Who is DeleteMe actually for?
The clearest fit is anyone whose situation does not reduce to a standard broker list. People who have changed names, hold professional licenses under prior names, or maintain multiple residences benefit directly from the unlimited aliases and address handling. People facing harassment or with public-facing roles benefit from having a named expert who can chase down the odd site automation misses.
The free exposure scan makes the decision process cheap. Run it, look at what surfaces, and judge whether your footprint looks like a routine cleanup — in which case an automated service at half the price will do — or like a case that needs hands.
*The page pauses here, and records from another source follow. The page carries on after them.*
text \<open>Let w be the least node at or above l in the tree below z.  Its tree predecessors
  are exactly the canonical branch, which has no tree-maximum, so w cannot lie above l.\<close>
lemma canonical_branch_sup_mem:
  assumes S: "limit_cut L S" and "l \<in> S"
    and above: "\<And>x. x \<in> canonical_branch T S \<Longrightarrow> x < l"
    and below: "\<And>y. y < l \<Longrightarrow> \<exists>x\<in>canonical_branch T S. y \<le> x"
  shows "l \<in> canonical_branch T S"
proof -
  let ?b = "canonical_branch T S"
  have SL: "S \<subseteq> L" and S_init: "initial_segment S"
    using S unfolding limit_cut_def by auto
  have "l = z \<or> T l z" if "z \<in> S" "l \<le> z" for z
  proof -
    define w where "w = (LEAST w. l \<le> w \<and> (w = z \<or> T w z))"
    have "l \<le> w \<and> (w = z \<or> T w z)"
      unfolding w_def by (rule LeastI[where k = z]) (use that(2) in auto)
    then have w: "l \<le> w" "w = z \<or> T w z" by auto
    have "w \<le> z" using w(2) T_less by (meson less_imp_le order.refl)
    have "w \<in> L"
      using \<open>w \<le> z\<close> \<open>z \<in> S\<close> SL S_init unfolding initial_segment_def
      by (metis order.order_iff_strict subsetD)
    have branch_below_w: "T x w" if "x \<in> ?b" for x
    proof -
      have "x < l" using above that .
      with \<open>l \<le> z\<close> \<open>z \<in> S\<close> that have "T x z" unfolding canonical_branch_def by auto
      moreover have "x \<le> w" using \<open>x < l\<close> w(1) by simp
      ultimately have "x = w \<or> T x w"
        using subtree_convex[of z x w] \<open>w \<le> z\<close> \<open>z \<in> S\<close> SL by blast
      with \<open>x < l\<close> w(1) show ?thesis by auto
    qed
    have preds_w_in_branch: "y \<in> ?b" if "T y w" for y
    proof -
      have "y < l"
      proof (rule ccontr)
        assume "\<not> y < l"
        with that w(2) have "l \<le> y \<and> (y = z \<or> T y z)" using T_trans by auto
        then have "w \<le> y" unfolding w_def by (rule Least_le)
        with T_less[OF that] show False by simp
      qed
      then obtain x where x: "x \<in> ?b" "y \<le> x" using below by blast
      with that branch_below_w have "y = x \<or> T y x"
        using preds_linear T_less by (meson leD)
      with x(1) S_init show ?thesis using canonical_branch_down_closed by blast
    qed
    have "w \<le> l"
    proof (rule le_if_preds_have_no_max[OF \<open>w \<in> L\<close>])
      show "\<exists>c. T y c \<and> T c w" if "T y w" for y
        using canonical_branch_has_successor[OF S preds_w_in_branch[OF that]] branch_below_w
        by blast
      show "y < l" if "T y w" for y
        using above preds_w_in_branch that by blast
    qed
    with w show ?thesis by simp
  qed
  with \<open>l \<in> S\<close> show ?thesis unfolding canonical_branch_def by blast
qed

lemma canonical_branch_cofinal:
  assumes S: "limit_cut L S" and "s \<in> S"
  shows "\<exists>y\<in>canonical_branch T S. s \<le> y"
proof (rule ccontr)
  assume "\<not> ?thesis"
  then have s_above: "\<forall>x\<in>canonical_branch T S. x < s" by (meson not_le)
  define l where "l = (LEAST u. \<forall>x\<in>canonical_branch T S. x < u)"
  have above: "\<forall>x\<in>canonical_branch T S. x < l"
    unfolding l_def by (rule LeastI[of _ s]) (rule s_above)
  have "l \<le> s" unfolding l_def using s_above by (rule Least_le)
  then have "l \<in> S" using \<open>s \<in> S\<close> S unfolding limit_cut_def initial_segment_def
    by (metis order.order_iff_strict)
  moreover have "\<exists>x\<in>canonical_branch T S. y \<le> x" if "y < l" for y
    using not_less_Least[OF that[unfolded l_def]] by (meson not_le)
  ultimately have "l \<in> canonical_branch T S"
    using canonical_branch_sup_mem[OF S] above by blast
  with above show False by blast
qed

lemma canonical_branch_is_cofinal_branch:
  assumes S: "limit_cut L S"
  shows "cofinal_branch T S (canonical_branch T S)"
  unfolding cofinal_branch_def
proof (intro conjI)
  show "canonical_branch T S \<subseteq> S" unfolding canonical_branch_def by blast
  show "\<forall>x\<in>canonical_branch T S. \<forall>y\<in>canonical_branch T S. x = y \<or> T x y \<or> T y x"
    unfolding canonical_branch_def using linear by blast
  have "initial_segment S" using S unfolding limit_cut_def by blast
  then show "\<forall>y\<in>canonical_branch T S. \<forall>x. T x y \<longrightarrow> x \<in> canonical_branch T S"
    using canonical_branch_down_closed by blast
  show "\<forall>x\<in>S. \<exists>y\<in>canonical_branch T S. x \<le> y"
    using canonical_branch_cofinal[OF S] by blast
qed

end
That scan-first approach costs nothing and replaces guesswork with your own data.
Bottom line
DeleteMe earns its premium when the human layer matters: custom removals, a named privacy expert, unlimited name variants, and the deepest total broker reach in the business. For people with complicated profiles — name changes, public-facing jobs, persistent stalking or harassment concerns — that service model is worth real money, and DeleteMe delivers it with a 7-day first report and quarterly accountability.
For everyone else, the calculus is simpler than the marketing. The automated core of what DeleteMe does is available elsewhere for $39 to $96 a year, and DeleteMe’s pricing opacity beyond the Solo plan does not help its case. Decide whether you are buying the humans or just the opt-outs — our best data removal services ranking can help you place it — and if it is the humans, DeleteMe is the standard to beat.